With organizations continuing to embrace digital platforms, there are a significant number of vulnerabilities they failed to address while hurrying the launch of the product. This provides opportunities for threat actors to execute their malicious intent. Going in to 2022, IT leaders should watch out for cyber threats that are likely to dominate the enterprise environment.
The last couple of years have been stressful for CISOs. With organizations speeding their adoption of digital technologies, in an effort to operate within a COVID-19 environment, they have failed to take the necessary steps to secure their infrastructure. This has led to a significant surge in cyber-attacks. While the restrictions seemed to fade, organizations have begun to embrace hybrid work, creating more cybersecurity challenges for CISOs. In 2022, organizations are likely to witness more of the cyber-attacks in addition to them threatening the business operations.
Here are a few threats that they should look out in 2022:
Third-party/supply chain attacks
2021 has witnessed a number of supply-chain attacks – that is, attacks where an attack was launched against an organization and then cascaded to other organizations with which they have a relationship. “We expect this trend to continue as companies seek to diversify their supply chains in order to establish greater resiliency in the face of unpredictable global events,” says Matthew Gracey- McMinn, Head of Threat Research, Netacea. He adds, “Attackers are also keen to use this method, as by compromising one supplier with relatively weak security they can then cascade this attack into breaches of multiple related organizations, some of which may have much stronger security models.”
Also Read: Three Compliance Mistakes CISOs should Avoid
Increasing Ransomware attacks
Ransomware attack has become one the most popular choice of attack among threat actors. In 2022, they are likely to balloon in both sophistication and numbers.
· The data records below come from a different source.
(* For all $n\ge1$ and $k\ge1$, the lists $\mathcal{G}(n,k)$ and $\mathcal{C}(1^02^0\cdots n^0)$ are identical. In particular, the greedy min-flip construction visits every element of $\mathbf{C}(n,k)$ exactly once, and its last element is mapped to $1^02^0\cdots n^0$ by $\mathrm{flip}_n$, so it yields a Hamilton cycle in the $k$-sided pancake network.
   Context: Fix integers $n\ge1$, $k\ge1$. A $k$-coloured permutation of $\{1,\dots,n\}$ is a sequence $\pi=p_1\cdots p_n$ with $p_i=v_i^{c_i}$, where $v_1\cdots v_n$ is a permutation of $\{1,\dots,n\}$ and each $c_i\in\{0,\dots,k-1\}$; the set of these is $\mathbf{C}(n,k)$. A pre-perm is a prefix $p_1\cdots p_j$ ($1\le j\le n$) of some element of $\mathbf{C}(n,k)$. For $p=v^c$ and integer $s$, $p^{+s}=v^{(c+s)\bmod k}$; for $\mathbf{p}=p_1\cdots p_j$, $\mathbf{p}^{+s}=p_1^{+s}\cdots p_j^{+s}$. For $1\le i\le n$, $\mathrm{flip}_i(p_1\cdots p_n)=p_i^{+1}\cdots p_1^{+1}p_{i+1}\cdots p_n$. The $k$-sided pancake network is the directed graph on $\mathbf{C}(n,k)$ with an arc from $\pi$ to $\mathrm{flip}_i(\pi)$ for each $1\le i\le n$. For a pre-perm $\mathbf{p}$ of length $j$, $\rho(\mathbf{p})=r_1\cdots r_m$ ($m=kj$) is the concatenation $\mathbf{p}^{+(k-1)}\mathbf{p}^{+(k-2)}\cdots\mathbf{p}^{+0}$ viewed circularly (indices mod $m$), and $\rho(\mathbf{p})_i=r_{i-j+1}\cdots r_{i-1}$ (length $j-1$, indices mod $m$). The list $\mathcal{C}(\mathbf{p})$: if $j=1$, $\mathcal{C}(p_1)=p_1^{+0},\dots,p_1^{+(k-1)}$; if $j\ge2$, $\mathcal{C}(\mathbf{p})$ is the concatenation for $i=m,m-1,\dots,1$ of the lists obtained from $\mathcal{C}(\rho(\mathbf{p})_i)$ by appending $r_i$ to every entry. The greedy min-flip list $\mathcal{G}(n,k)$: start with $G_1=1^0\cdots n^0$; having $G_1,\dots,G_t$, let $i$ be the smallest integer in $\{1,\dots,n\}$ with $\mathrm{flip}_i(G_t)\notin\{G_1,\dots,G_t\}$ and set $G_{t+1}=\mathrm{flip}_i(G_t)$; if no such $i$ exists, stop. *)

theory Defs
  imports Main
begin

text \<open>A coloured symbol v^c is the pair (v, c); a k-coloured permutation / pre-perm is a list of them.\<close>
type_synonym csym = "nat \<times> nat"
type_synonym cperm = "csym list"

definition shift :: "nat \<Rightarrow> nat \<Rightarrow> csym \<Rightarrow> csym" where
  "shift k s p = (fst p, (snd p + s) mod k)"

definition shiftl :: "nat \<Rightarrow> nat \<Rightarrow> cperm \<Rightarrow> cperm" where
  "shiftl k s ps = map (shift k s) ps"

definition colperms :: "nat \<Rightarrow> nat \<Rightarrow> cperm set" where
  "colperms n k = {\<pi>. length \<pi> = n \<and> distinct (map fst \<pi>) \<and> set (map fst \<pi>) = {1..n}
                     \<and> (\<forall>x\<in>set \<pi>. snd x < k)}"

definition flip :: "nat \<Rightarrow> nat \<Rightarrow> cperm \<Rightarrow> cperm" where
  "flip k i \<pi> = shiftl k 1 (rev (take i \<pi>)) @ drop i \<pi>"

definition ident :: "nat \<Rightarrow> cperm" where
  "ident n = map (\<lambda>v. (v, 0)) [1..<n+1]"

text \<open>rho(p) = p^{+(k-1)} p^{+(k-2)} ... p^{+0}, as a list (0-based storage; r_l = rho ! ((l-1) mod m)).\<close>
definition rho :: "nat \<Rightarrow> cperm \<Rightarrow> cperm" where
  "rho k p = concat (map (\<lambda>s. shiftl k s p) (rev [0..<k]))"

definition rr :: "nat \<Rightarrow> cperm \<Rightarrow> int \<Rightarrow> csym" where
  "rr k p l = rho k p ! nat ((l - 1) mod int (k * length p))"

definition rho_i :: "nat \<Rightarrow> cperm \<Rightarrow> nat \<Rightarrow> cperm" where
  "rho_i k p i = map (\<lambda>t. rr k p (int i - int (length p) + int t)) [1..<length p]"

lemma length_rho_i[simp]: "length (rho_i k p i) = length p - 1"
  by (simp add: rho_i_def)

text \<open>The list C(p). (The case p = [] never arises and is set to [] arbitrarily.)\<close>
function Clist :: "nat \<Rightarrow> cperm \<Rightarrow> cperm list" where
  "Clist k p =
    (if length p \<le> 1 then
       (if p = [] then [] else map (\<lambda>s. [shift k s (hd p)]) [0..<k])
     else
       concat (map (\<lambda>i. map (\<lambda>x. x @ [rr k p (int i)]) (Clist k (rho_i k p i)))
                   (rev [1..<k * length p + 1])))"
  by pat_completeness auto
termination
  by (relation "measure (\<lambda>(k, p). length p)") auto

text \<open>The fuel argument only bounds the recursion: since all visited
  elements are distinct elements of C(n,k), at most card C(n,k) - 1 steps can occur,
  so fuel card C(n,k) never runs out before the process stops by itself.\<close>
fun greedy_aux :: "nat \<Rightarrow> nat \<Rightarrow> nat \<Rightarrow> cperm list \<Rightarrow> cperm list" where
  "greedy_aux 0 n k L = L"
| "greedy_aux (Suc f) n k L =
    (if \<exists>i\<in>{1..n}. flip k i (last L) \<notin> set L
     then greedy_aux f n k
            (L @ [flip k (LEAST i. i \<in> {1..n} \<and> flip k i (last L) \<notin> set L) (last L)])
     else L)"

definition greedy :: "nat \<Rightarrow> nat \<Rightarrow> cperm list" where
  "greedy n k = greedy_aux (card (colperms n k)) n k [ident n]"

end

theory Submission
  imports Defs "HOL-Number_Theory.Cong"
begin

(* Induction on the length j of a pre-perm p shows that C(p) lists every arrangement of the
   coloured symbols of p exactly once, starts at p, is closed up by flip_j, and that each of its
   steps takes the smallest flip not leading back to an element listed before.  C(p) is the
   concatenation, for i = kj, ..., 1, of the blocks C(rho(p)_i) with r_i appended.  Inside a block
   only flips shorter than j are used, and the block is closed under them.  The last element of
   block i+1 ends in r_(i+1) and flip_j sends it to r_(i+1)^(+1) rho(p)_(i+1); as r_(l-j) = r_l^(+1),
   this is the window r_(i-j+1) ... r_i of rho(p), i.e. the head rho(p)_i r_i of block i.  The
   blocks are disjoint and cover all arrangements because r_1, ..., r_kj enumerate every coloured
   symbol exactly once.  A list with these properties is precisely what the greedy rule produces. *)

section \<open>Colour shifts and the cyclic sequence \<rho>\<close>

lemma shift_shift: "shift k s (shift k t x) = shift k (s + t) x"
  by (simp add: shift_def mod_add_right_eq add.assoc add.commute add.left_commute)

lemma fst_shift [simp]: "fst (shift k s x) = fst x"
  by (simp add: shift_def)

lemma snd_shift_less: "1 \<le> k \<Longrightarrow> snd (shift k s x) < k"
  by (simp add: shift_def)

lemma shift_0: "snd x < k \<Longrightarrow> shift k 0 x = x"
  by (cases x) (simp add: shift_def)

lemma shift_self: "shift k k x = shift k 0 x"
  by (simp add: shift_def)

lemma shift_inj: "s < k \<Longrightarrow> s' < k \<Longrightarrow> shift k s x = shift k s' x \<Longrightarrow> s = s'"
  using cong_add_lcancel_nat[of "snd x" s s' k] unfolding shift_def cong_def by (simp add: mod_less)

lemma shift_surj:
  assumes "snd a < k" "c < k"
  shows "\<exists>s<k. shift k s a = (fst a, c)"
proof (intro exI conjI)
  show "(c + k - snd a) mod k < k" using assms by simp
  have "(snd a + (c + k - snd a) mod k) mod k = c"
    using assms by (simp add: mod_add_right_eq)
  then show "shift k ((c + k - snd a) mod k) a = (fst a, c)" by (simp add: shift_def)
qed

lemma nth_concat_equal_length:
  assumes "\<forall>a\<in>set xs. length (f a) = j" "x < length xs * j"
  shows "concat (map f xs) ! x = f (xs ! (x div j)) ! (x mod j)"
  using assms
proof (induction xs arbitrary: x)
  case (Cons a xs)
  show ?case
  proof (cases "x < j")
    case False
    moreover have "0 < j" using Cons.prems by (cases j) auto
    ultimately have "x div j = Suc ((x - j) div j)" "x mod j = (x - j) mod j"
      by (simp_all add: le_div_geq le_mod_geq)
    then show ?thesis using Cons False by (simp add: nth_append)
  qed (use Cons in \<open>simp add: nth_append\<close>)
qed simp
Matthew Gracey-McMinn believes the financial returns on ransomware are significant, with the average cost of ransomware attacks rising significantly in 2020-21 (though the exact number is hard to pin down due to businesses being reluctant to admit to paying ransoms). He states, “Similarly, attackers are developing the ransomware marketplace, with Ransomware as a Service (RAAS) now being on offer, and specializations developing in the marketplace (e.g., access brokers sell access to compromised networks, which ransomware groups can purchase to save themselves the time and effort involved in obtaining initial access to a network). The financial severity of ransomware attacks is being recognized by companies offering cyber insurance – they are increasing premiums while decreasing coverage, in order to offset their own losses.”
Mobile phone attacks
Mobile phones have become an ever-ubiquitous part of the information technology landscape, even in today’s enterprise environment. They are growing in capability, with ever more advanced hardware and applications. However, the surge in applications and developments in hardware creates new opportunities for attackers. “From a hardware perspective, the rollout of 5G communications networks and increase in the power and capabilities of such phones will allow for new and faster avenues for attack against phones, as well increase the value to attackers when they are compromised.
Similarly, the ever increasing number of applications individuals are encouraged to install creates new opportunities for compromise through apps that may not be properly secure or by convincing users to download malicious apps. As phones become increasingly important to day-to-day life, being used for everything from banking to shopping, attackers have more reason to try and compromise them, and, with their increased capabilities, compromising them means attackers can now more easily use them as a launchpad or botnet for future attacks. All of this will encourage attackers to up their focus on APIs more generally over the coming year,” says Matthew Gracey- McMinn.